Well, tomorrow is back to the class time. And even though most of the county is gripped by a Polar Vortex (learn something new every day), kids will be back to school, back to their routines, back to learning and being assessed. I spend most of my teaching time with the special needs learner, which is the work that is the most rewarding and challenging. The best part of it is, it’s never boring. The special learner is a student with dyslexia, ADHD, ADD, gifted, whatever the label. It’s a student that learns different, big picture or detail oriented, all these students have one thing in common, they like playing games. Games, especially in math centers, between two of three friends are not stressful. Teachers and research find the lack of multiplication is the major cause of decline in math achievement across student groups. Without solid foundation of time tables, students are not able to successfully master math, starting with grade 3.
The instruction of time tables has been an instruction of extreme drill and kill to allowing students to enter grade 6 without fully mastering the time tables. With the introduction of the common core standards, this wide gap is being closed. Students are expected to master the time tables in grade 3, ready or not.
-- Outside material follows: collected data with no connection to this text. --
(* Let $p_1,\dots,p_s$ be distinct primes, $m_1,\dots,m_s\ge1$, and let $\Gamma$ be a multi-sorted constraint language over $\mathcal D=\{\mathbb Z_{p_1^{m_1}},\dots,\mathbb Z_{p_s^{m_s}}\}$ invariant with respect to the affine operation of $\mathbb Z_{p_1^{m_1}},\dots,\mathbb Z_{p_s^{m_s}}$. Let $\mathcal P$ be an instance of $\textsc{MCSP}(\Gamma)$. Then $\mathcal P$ is equivalent (has the same set of solutions) to an instance $\mathcal P'$ such that for every constraint $\langle\mathbf s,R\rangle$ of $\mathcal P'$ all variables in $\mathbf s$ are of the same sort. Moreover, $\mathcal P'$ has the same set of variables $X$ as $\mathcal P$, and every $x\in X$ has the same sort in $\mathcal P$ and $\mathcal P'$.
   Context: A multi-sorted relation with signature $(t_1,\dots,t_n)$ is a subset of $D_{t_1}\times\dots\times D_{t_n}$. An instance of $\textsc{MCSP}(\Gamma)$ is $(X,\mathcal D,\delta,\mathcal C)$ with $\delta$ assigning each variable a sort (domain) and constraints $\langle(x_1,\dots,x_m),R\rangle$ with $R\in\Gamma$ of signature $(\delta(x_1),\dots,\delta(x_m))$; solutions are assignments $\varphi(x)\in D_{\delta(x)}$ satisfying all constraints. Invariance under the affine operation: for all $\mathbf a,\mathbf b,\mathbf c\in R$, the coordinatewise $\mathbf a-\mathbf b+\mathbf c$ (in the respective groups) is in $R$. *)

theory Defs
  imports "HOL-Computational_Algebra.Primes"
begin

text \<open>Sorts are indices i < s; the domain of sort i is Z_(q i), represented as
  the integers {0..<q i} with arithmetic modulo q i, where q i = p i ^ m i.
  A multi-sorted relation is a pair (signature, set of tuples), tuples being int lists.\<close>

type_synonym mrel = "nat list \<times> int list set"

definition dom_of :: "(nat \<Rightarrow> nat) \<Rightarrow> nat \<Rightarrow> int set" where
  "dom_of q i = {0..< int (q i)}"

definition is_mrel :: "nat \<Rightarrow> (nat \<Rightarrow> nat) \<Rightarrow> mrel \<Rightarrow> bool" where
  "is_mrel s q r \<longleftrightarrow> set (fst r) \<subseteq> {..<s} \<and>
     (\<forall>t \<in> snd r. length t = length (fst r) \<and>
        (\<forall>j < length t. t ! j \<in> dom_of q (fst r ! j)))"

definition affine_invariant :: "(nat \<Rightarrow> nat) \<Rightarrow> mrel \<Rightarrow> bool" where
  "affine_invariant q r \<longleftrightarrow>
     (\<forall>a \<in> snd r. \<forall>b \<in> snd r. \<forall>c \<in> snd r.
        map (\<lambda>j. (a ! j - b ! j + c ! j) mod int (q (fst r ! j))) [0..<length (fst r)] \<in> snd r)"

type_synonym 'v constr = "'v list \<times> mrel"

definition wf_constr :: "'v set \<Rightarrow> ('v \<Rightarrow> nat) \<Rightarrow> 'v constr \<Rightarrow> bool" where
  "wf_constr X \<delta> c \<longleftrightarrow> set (fst c) \<subseteq> X \<and> map \<delta> (fst c) = fst (snd c)"

definition mcsp_instance :: "nat \<Rightarrow> (nat \<Rightarrow> nat) \<Rightarrow> mrel set \<Rightarrow> 'v set \<Rightarrow> ('v \<Rightarrow> nat)
    \<Rightarrow> 'v constr set \<Rightarrow> bool" where
  "mcsp_instance s q \<Gamma> X \<delta> C \<longleftrightarrow> finite X \<and> finite C \<and> \<delta> ` X \<subseteq> {..<s} \<and>
     (\<forall>c \<in> C. wf_constr X \<delta> c \<and> snd c \<in> \<Gamma>)"

definition is_solution :: "(nat \<Rightarrow> nat) \<Rightarrow> 'v set \<Rightarrow> ('v \<Rightarrow> nat) \<Rightarrow> 'v constr set
    \<Rightarrow> ('v \<Rightarrow> int) \<Rightarrow> bool" where
  "is_solution q X \<delta> C \<phi> \<longleftrightarrow> (\<forall>x \<in> X. \<phi> x \<in> dom_of q (\<delta> x)) \<and>
     (\<forall>c \<in> C. map \<phi> (fst c) \<in> snd (snd c))"

end

theory Submission
  imports Defs "HOL-Number_Theory.Cong"
begin

(* The moduli q i = p i ^ m i are pairwise coprime, so by the Chinese remainder theorem
   there is e with e = 1 mod q k and e = 0 mod q i for i ~= k.  Iterating the affine
   operation puts b + e (a - b) into R for all a, b in R, and this tuple agrees with a on
   the coordinates of sort k and with b elsewhere.  Hence a nonempty affine-invariant
   relation is the product of its projections onto the single sorts, and each constraint
   can be replaced by these projections. *)

lemma pairwise_coprime_idempotent:
  fixes q :: "'a \<Rightarrow> nat"
  assumes "finite I" "k \<in> I" "pairwise (\<lambda>i j. coprime (q i) (q j)) I"
  shows "\<exists>e. \<forall>i\<in>I. [e = (if i = k then 1 else 0)] (mod q i)"
proof -
  define M where "M = (\<Prod>i\<in>I - {k}. q i)"
  have "coprime M (q k)"
    unfolding M_def using assms(2,3) by (intro prod_coprime_left) (auto simp: pairwise_def)
  then obtain x where x: "[M * x = 1] (mod q k)"
    using cong_solve_coprime_nat by auto
  have "q i dvd M * x" if "i \<in> I" "i \<noteq> k" for i
    unfolding M_def using assms(1) that by (intro dvd_mult2 dvd_prodI) auto
  with x show ?thesis
    by (intro exI[of _ "M * x"]) (auto simp: cong_0_iff)
qed

lemma affine_invariant_line_mem:
  assumes rel: "is_mrel s q (sig, T)" and aff: "affine_invariant q (sig, T)"
    and a: "a \<in> T" and b: "b \<in> T"
  shows "map (\<lambda>j. (b ! j + int n * (a ! j - b ! j)) mod int (q (sig ! j))) [0..<length sig] \<in> T"
proof (induction n)
  case 0
  have "map (\<lambda>j. (b ! j + int 0 * (a ! j - b ! j)) mod int (q (sig ! j))) [0..<length sig] = b"
    using rel b by (intro nth_equalityI) (auto simp: is_mrel_def dom_of_def)
  with b show ?case by simp
next
  case (Suc n)
  let ?line = "\<lambda>n. map (\<lambda>j. (b ! j + int n * (a ! j - b ! j)) mod int (q (sig ! j))) [0..<length sig]"
  have "?line (Suc n) = map (\<lambda>j. (?line n ! j - b ! j + a ! j) mod int (q (sig ! j))) [0..<length sig]"
  proof (rule nth_equalityI)
    fix j assume "j < length (?line (Suc n))"
    then have "j < length sig" by simp
    moreover have "(x + int (Suc n) * (y - x)) mod r = ((x + int n * (y - x)) mod r - x + y) mod r"
      for x y r :: int
    proof -
      have "(x + int (Suc n) * (y - x)) mod r = ((x + int n * (y - x)) + (y - x)) mod r"
        by (simp add: algebra_simps)
      also have "\<dots> = ((x + int n * (y - x)) mod r + (y - x)) mod r"
        by (simp add: mod_add_left_eq)
      also have "\<dots> = ((x + int n * (y - x)) mod r - x + y) mod r"
        by (simp add: algebra_simps)
      finally show ?thesis .
    qed
    ultimately show "?line (Suc n) ! j
        = map (\<lambda>j. (?line n ! j - b ! j + a ! j) mod int (q (sig ! j))) [0..<length sig] ! j"
      by simp
  qed simp
  also have "\<dots> \<in> T"
    using aff Suc a b unfolding affine_invariant_def by auto
  finally show ?case .
qed

lemma affine_invariant_splice_sort:
  assumes rel: "is_mrel s q (sig, T)" and aff: "affine_invariant q (sig, T)"
    and a: "a \<in> T" and b: "b \<in> T"
    and e: "\<forall>i\<in>set sig. [int e = (if i = k then 1 else 0)] (mod int (q i))"
  shows "map (\<lambda>j. if sig ! j = k then a ! j else b ! j) [0..<length sig] \<in> T"
proof -
  have "map (\<lambda>j. if sig ! j = k then a ! j else b ! j) [0..<length sig]
      = map (\<lambda>j. (b ! j + int e * (a ! j - b ! j)) mod int (q (sig ! j))) [0..<length sig]"
  proof (rule nth_equalityI)
    fix j assume "j < length (map (\<lambda>j. if sig ! j = k then a ! j else b ! j) [0..<length sig])"
    then have j: "j < length sig" by simp
    have "[b ! j + int e * (a ! j - b ! j) = b ! j + (if sig ! j = k then 1 else 0) * (a ! j - b ! j)]
        (mod int (q (sig ! j)))"
      using e j by (intro cong_add cong_mult) auto
    moreover have "a ! j \<in> dom_of q (sig ! j)" "b ! j \<in> dom_of q (sig ! j)"
      using rel a b j by (auto simp: is_mrel_def)
    ultimately show "map (\<lambda>j. if sig ! j = k then a ! j else b ! j) [0..<length sig] ! j
        = map (\<lambda>j. (b ! j + int e * (a ! j - b ! j)) mod int (q (sig ! j))) [0..<length sig] ! j"
      using j by (auto simp: cong_def dom_of_def)
  qed simp
  also have "\<dots> \<in> T"
    by (rule affine_invariant_line_mem[OF rel aff a b])
  finally show ?thesis .
qed

lemma affine_invariant_mem_if_sortwise_mem:
  assumes rel: "is_mrel s q (sig, T)" and aff: "affine_invariant q (sig, T)"
    and coprime: "pairwise (\<lambda>i j. coprime (q i) (q j)) {..<s}"
    and nonempty: "T \<noteq> {}" and len: "length t = length sig"
    and sortwise: "\<forall>i<s. \<exists>a\<in>T. \<forall>j<length sig. sig ! j = i \<longrightarrow> a ! j = t ! j"
  shows "t \<in> T"
proof -
  obtain a0 where a0: "a0 \<in> T" using nonempty by blast
  define w where "w k = map (\<lambda>j. if sig ! j < k then t ! j else a0 ! j) [0..<length sig]" for k
  have "w k \<in> T" if "k \<le> s" for k
    using that
  proof (induction k)
    case 0
    have "w 0 = a0" using rel a0 unfolding w_def is_mrel_def by (intro nth_equalityI) auto
    with a0 show ?case by simp
  next
    case (Suc k)
    then have k: "k < s" and wk: "w k \<in> T" by auto
    obtain a where a: "a \<in> T" and agree: "\<forall>j<length sig. sig ! j = k \<longrightarrow> a ! j = t ! j"
      using sortwise k by blast
    obtain e where e: "\<forall>i\<in>{..<s}. [e = (if i = k then 1 else 0)] (mod q i)"
      using pairwise_coprime_idempotent[OF _ _ coprime, of k] k by auto
    have e_int: "\<forall>i\<in>set sig. [int e = (if i = k then 1 else 0)] (mod int (q i))"
      using rel unfolding is_mrel_def by (auto dest!: bspec[OF e] simp flip: cong_int_iff split: if_splits)
    have "w (Suc k) = map (\<lambda>j. if sig ! j = k then a ! j else w k ! j) [0..<length sig]"
      unfolding w_def using agree by (intro nth_equalityI) auto
    also have "\<dots> \<in> T"
      by (rule affine_invariant_splice_sort[OF rel aff a wk e_int])
    finally show ?case .
  qed
  moreover have "w s = t"
    unfolding w_def using rel len by (intro nth_equalityI) (auto simp: is_mrel_def subset_iff)
  ultimately show ?thesis by auto
qed

definition sort_positions :: "nat list \<Rightarrow> nat \<Rightarrow> nat list" where
  "sort_positions sig i = filter (\<lambda>j. sig ! j = i) [0..<length sig]"

lemma set_sort_positions: "set (sort_positions sig i) = {j. j < length sig \<and> sig ! j = i}"
  by (auto simp: sort_positions_def)

definition restrict_to_sort :: "'v constr \<Rightarrow> nat \<Rightarrow> 'v constr" where
  "restrict_to_sort c i = (let J = sort_positions (fst (snd c)) i in
     (map ((!) (fst c)) J, map ((!) (fst (snd c))) J, (\<lambda>t. map ((!) t) J) ` snd (snd c)))"

abbreviation satisfies :: "('v \<Rightarrow> int) \<Rightarrow> 'v constr \<Rightarrow> bool" where
  "satisfies \<phi> c \<equiv> map \<phi> (fst c) \<in> snd (snd c)"

lemma wf_constr_restrict_to_sort:
  assumes "wf_constr X \<delta> c"
  shows "wf_constr X \<delta> (restrict_to_sort c i)"
    and "\<forall>x\<in>set (fst (restrict_to_sort c i)). \<delta> x = i"
proof -
  obtain xs sig T where c: "c = (xs, sig, T)" by (cases c)
  have "set xs \<subseteq> X" and "map \<delta> xs = sig"
    using assms by (auto simp: c wf_constr_def)
  then have "length xs = length sig" "\<And>j. j < length sig \<Longrightarrow> \<delta> (xs ! j) = sig ! j"
    by auto
  with \<open>set xs \<subseteq> X\<close> show "wf_constr X \<delta> (restrict_to_sort c i)"
    and "\<forall>x\<in>set (fst (restrict_to_sort c i)). \<delta> x = i"
    by (auto simp: c wf_constr_def restrict_to_sort_def Let_def set_sort_positions)
qed

lemma is_mrel_restrict_to_sort:
  assumes "is_mrel s q (snd c)"
  shows "is_mrel s q (snd (restrict_to_sort c i))"
  using assms nth_mem[of _ "sort_positions (fst (snd c)) i"]
  by (fastforce simp: is_mrel_def restrict_to_sort_def Let_def set_sort_positions subset_iff)

lemma satisfies_iff_restrictions:
  assumes wf: "wf_constr X \<delta> c"
    and rel: "is_mrel s q (snd c)" and aff: "affine_invariant q (snd c)"
    and coprime: "pairwise (\<lambda>i j. coprime (q i) (q j)) {..<s}"
  shows "satisfies \<phi> c \<longleftrightarrow> (\<forall>i\<le>s. satisfies \<phi> (restrict_to_sort c i))"
proof -
  obtain xs sig T where c: "c = (xs, sig, T)" by (cases c)
  have len: "length xs = length sig"
    using wf by (auto simp: c wf_constr_def)
  have proj: "map \<phi> (map ((!) xs) (sort_positions sig i))
      = map ((!) (map \<phi> xs)) (sort_positions sig i)" for i
    using len by (auto simp: set_sort_positions)
  have restriction: "satisfies \<phi> (restrict_to_sort c i) \<longleftrightarrow>
      map ((!) (map \<phi> xs)) (sort_positions sig i) \<in> (\<lambda>t. map ((!) t) (sort_positions sig i)) ` T"
    for i
    by (simp only: c restrict_to_sort_def Let_def fst_conv snd_conv proj)
  show ?thesis
  proof
    assume "satisfies \<phi> c"
    then have "map \<phi> xs \<in> T" by (simp add: c)
    then show "\<forall>i\<le>s. satisfies \<phi> (restrict_to_sort c i)"
      unfolding restriction by blast
  next
    assume restrictions: "\<forall>i\<le>s. satisfies \<phi> (restrict_to_sort c i)"
    have "sig ! j < s" if "j < length sig" for j
      using rel nth_mem[OF that] by (auto simp: c is_mrel_def)
    then have "sort_positions sig s = []"
      unfolding sort_positions_def filter_empty_conv by fastforce
    then have "T \<noteq> {}"
      using restrictions restriction[of s] by auto
    moreover have "\<exists>a\<in>T. \<forall>j<length sig. sig ! j = i \<longrightarrow> a ! j = map \<phi> xs ! j" if "i < s" for i
    proof -
      obtain a where "a \<in> T"
        and "map ((!) (map \<phi> xs)) (sort_positions sig i) = map ((!) a) (sort_positions sig i)"
        using restrictions restriction[of i] \<open>i < s\<close> by auto
      then show ?thesis
        by (auto simp: set_sort_positions)
    qed
    ultimately show "satisfies \<phi> c"
      using affine_invariant_mem_if_sortwise_mem[of s q sig T] rel aff coprime len by (auto simp: c)
  qed
qed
And since neither of the extreme instruction approach has worked, teachers are trying to supplement their instruction with material that falls somewhere in between two extremes.
I use the Pierce Learning Method which uses a multi-sensory games approach, supported by the latest brain research and learning theories. Students learn time tables through play. Games are visually designed to appeal to special learners, and the chunking of the material is created to support short term memory, comprehension, and prevention of cognitive overload.
The learning material emphasizes patterns and order, free from distracting images and/or borders.
Mrs. Lena, M. Ed., M.A.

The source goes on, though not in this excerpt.